Tricandilles/Almodovar

 

 

 - Sous-Titre : Huîtres/Allen...

 

 

Prochainement, c'est à dire prochainement, je vais aller voir le film de woody Allen intitulé "Wonder Weel" je ne sais pas si ce vieux Monsieur à fait quelque chose de mal avec les filles, s'il gruge le fisc ou s'il a les ongles sales dailleurs j'écoute toujours le chanteur bertrand Cantat bref, je vais aller voir un spectacle.

C'est Heure Bleue qui m'a convaincu je me dois de renouveller l'essai voilà longtemps que je n'ai pas vu un des opus du woody, voilà une ou deux années nous étions ressortis d'un Almodovar avec la gueule d'un lapin ayant trouvé un trousseau de clés... absolument rien pigé, on avait perdu nos neuf euros et quelques et regardant autours de nous les autres étaient aux anges, navrant.

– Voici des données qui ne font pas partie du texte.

text \<open>Pairs (usage location, definition location) of let-bound variables; the binder
  environment maps a variable to Some (definition location) if its innermost binder is a let.\<close>
fun usages :: "(var \<Rightarrow> loc option) \<Rightarrow> loc \<Rightarrow> exp \<Rightarrow> (loc \<times> loc) set" where
  "usages B l (Var x) = (case B x of Some d \<Rightarrow> {(l, d)} | None \<Rightarrow> {})"
| "usages B l (Lam x e) = usages (B(x := None)) (l @ [0]) e"
| "usages B l (App e1 e2) = usages B (l @ [0]) e1 \<union> usages B (l @ [1]) e2"
| "usages B l (If e1 e2 e3) = usages B (l @ [0]) e1 \<union> usages B (l @ [1]) e2 \<union> usages B (l @ [2]) e3"
| "usages B l (Let x e1 e2) = usages B (l @ [0]) e1 \<union> usages (B(x := Some (l @ [0]))) (l @ [1]) e2"
| "usages B l _ = {}"

definition use_pairs :: "exp \<Rightarrow> (loc \<times> loc) set" where
  "use_pairs p = usages (\<lambda>_. None) [] p"

text \<open>dom(Uloc_p): all let-definition locations.\<close>
definition letdefs :: "exp \<Rightarrow> loc set" where
  "letdefs p = {l @ [0] | l x e1 e2. sub p l = Some (Let x e1 e2)}"

definition Uloc :: "exp \<Rightarrow> loc \<Rightarrow> loc set" where
  "Uloc p l1 = {l'. (l', l1) \<in> use_pairs p}"

definition dloc :: "exp \<Rightarrow> loc \<Rightarrow> loc" where
  "dloc p l' = (THE l1. (l', l1) \<in> use_pairs p)"

definition Vloc :: "exp \<Rightarrow> loc \<Rightarrow> loc set" where
  "Vloc p l = {l' \<in> Loc_at p l. \<exists>l1. (l', l1) \<in> use_pairs p}"

text \<open>Let-definition locations whose defining expression has a principal type, under the
  environment Pi as it is built during constraint generation (lambda-bound variables get
  distinct type variables, let-bound variables with well-typed definitions get their
  principal type; other let-bound variables do not extend Pi).\<close>
fun wt_lets :: "hmenv \<Rightarrow> loc \<Rightarrow> exp \<Rightarrow> loc set" where
  "wt_lets D l (Lam x e) = wt_lets (D(x \<mapsto> ({}, TV (to_nat l)))) (l @ [0]) e"
| "wt_lets D l (App e1 e2) = wt_lets D (l @ [0]) e1 \<union> wt_lets D (l @ [1]) e2"
| "wt_lets D l (If e1 e2 e3) = wt_lets D (l @ [0]) e1 \<union> wt_lets D (l @ [1]) e2 \<union> wt_lets D (l @ [2]) e3"
| "wt_lets D l (Let x e1 e2) =
     (if \<exists>s. principal D e1 s
      then insert (l @ [0]) (wt_lets D (l @ [0]) e1 \<union> wt_lets (D(x \<mapsto> (SOME s. principal D e1 s))) (l @ [1]) e2)
      else wt_lets D (l @ [0]) e1 \<union> wt_lets D (l @ [1]) e2)"
| "wt_lets D l _ = {}"

definition L0 :: "exp \<Rightarrow> loc set" where
  "L0 p = (let W = wt_lets Map.empty [] p in Loc p - (W \<union> (\<Union>l1\<in>W. Uloc p l1)))"

definition Lp :: "exp \<Rightarrow> loc set" where
  "Lp p = L0 p \<union> (\<Union>l\<in>letdefs p. Uloc p l)"

datatype Types = Tint | Tbool | Tfun Types Types

datatype fml =
    FEq tterm tterm
  | FT loc
  | FP loc
  | FImp fml fml
  | FIff fml fml
  | FAnd "fml fset"

primrec ffv :: "fml \<Rightarrow> nat set" where
  "ffv (FEq a b) = tfv a \<union> tfv b"
| "ffv (FT l) = {}"
| "ffv (FP l) = {}"
| "ffv (FImp a b) = ffv a \<union> ffv b"
| "ffv (FIff a b) = ffv a \<union> ffv b"
| "ffv (FAnd S) = \<Union> (fset (ffv |`| S))"

definition fvs :: "fml fset \<Rightarrow> nat set" where
  "fvs S = \<Union> (ffv ` fset S)"

fun tren :: "(nat \<Rightarrow> nat) \<Rightarrow> tterm \<Rightarrow> tterm" where
  "tren f (TV v) = TV (f v)"
| "tren f (TFun a b) = TFun (tren f a) (tren f b)"
| "tren f TInt = TInt"
| "tren f TBool = TBool"

primrec fren :: "(nat \<Rightarrow> nat) \<Rightarrow> fml \<Rightarrow> fml" where
  "fren f (FEq a b) = FEq (tren f a) (tren f b)"
| "fren f (FT l) = FT l"
| "fren f (FP l) = FP l"
| "fren f (FImp a b) = FImp (fren f a) (fren f b)"
| "fren f (FIff a b) = FIff (fren f a) (fren f b)"
| "fren f (FAnd S) = FAnd (fren f |`| S)"

record model =
  tyv :: "nat \<Rightarrow> Types"
  tv :: "loc \<Rightarrow> bool"
  pv :: "loc \<Rightarrow> bool"

fun teval :: "(nat \<Rightarrow> Types) \<Rightarrow> tterm \<Rightarrow> Types" where
  "teval s (TV v) = s v"
| "teval s TInt = Tint"
| "teval s TBool = Tbool"
| "teval s (TFun a b) = Tfun (teval s a) (teval s b)"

Ça me fait penser à tête désolée de Corine lorsque je gobe une huître, à la réflexion de Laurence lorsqu'avec Jean-Bernard on se goinfre avec un BBK de tricandilles à l'ail, toutes ces pénibles tu vois ce que je veux dire les mangeuses de carottes vichy celles qui acceptent de manger de la viande, des oeufs si c'est ultra cuit qui vomissent rien qu'à l'évocation d'un tartare... les difficiles. Attention je ne blâme personne je plains sincèrement ceux qu'on appelle difficile, il passent à côté de saveurs incroyables. J'en connais qui restent bloquées sur des idées de l'époque où elles avaient 12 - 15 ans "non, j'ai déjà essayé le foie gras frais vraiment, merci !" Pénible, faut préparer deux ou trois menus + les plans D, E parois F... pénible. *

Prochainement je vais voir "Wonder Weel", en sortant je prendrai un whisky... jusqu'à maintenant je n'ai jamais apprécié les films de woody Allen, le whisky pas plus que la filmographie de Almodovar. Et si j'évoluais et si j'avais le plaisir de me surprendre et d'apprécier, j'aurais l'air (un peu) moins con.

 

 

 

 

* Oui, alors je le sais ce n'est pas bien, j'ai féminisé le paragraphe "pénible" mais que veux-tu dans mon (large) entourage les individus qui laissent sur le bord de leur assiette moules/ail/gras/abats/chou/lardons/baba au rhum/oignons/frites ne sont pas des garçons. Je fais des généralités faciles, dis-tu ? bien sûr que des tonnes de femmes aiment les tripes et les pieds paquets, évidemment.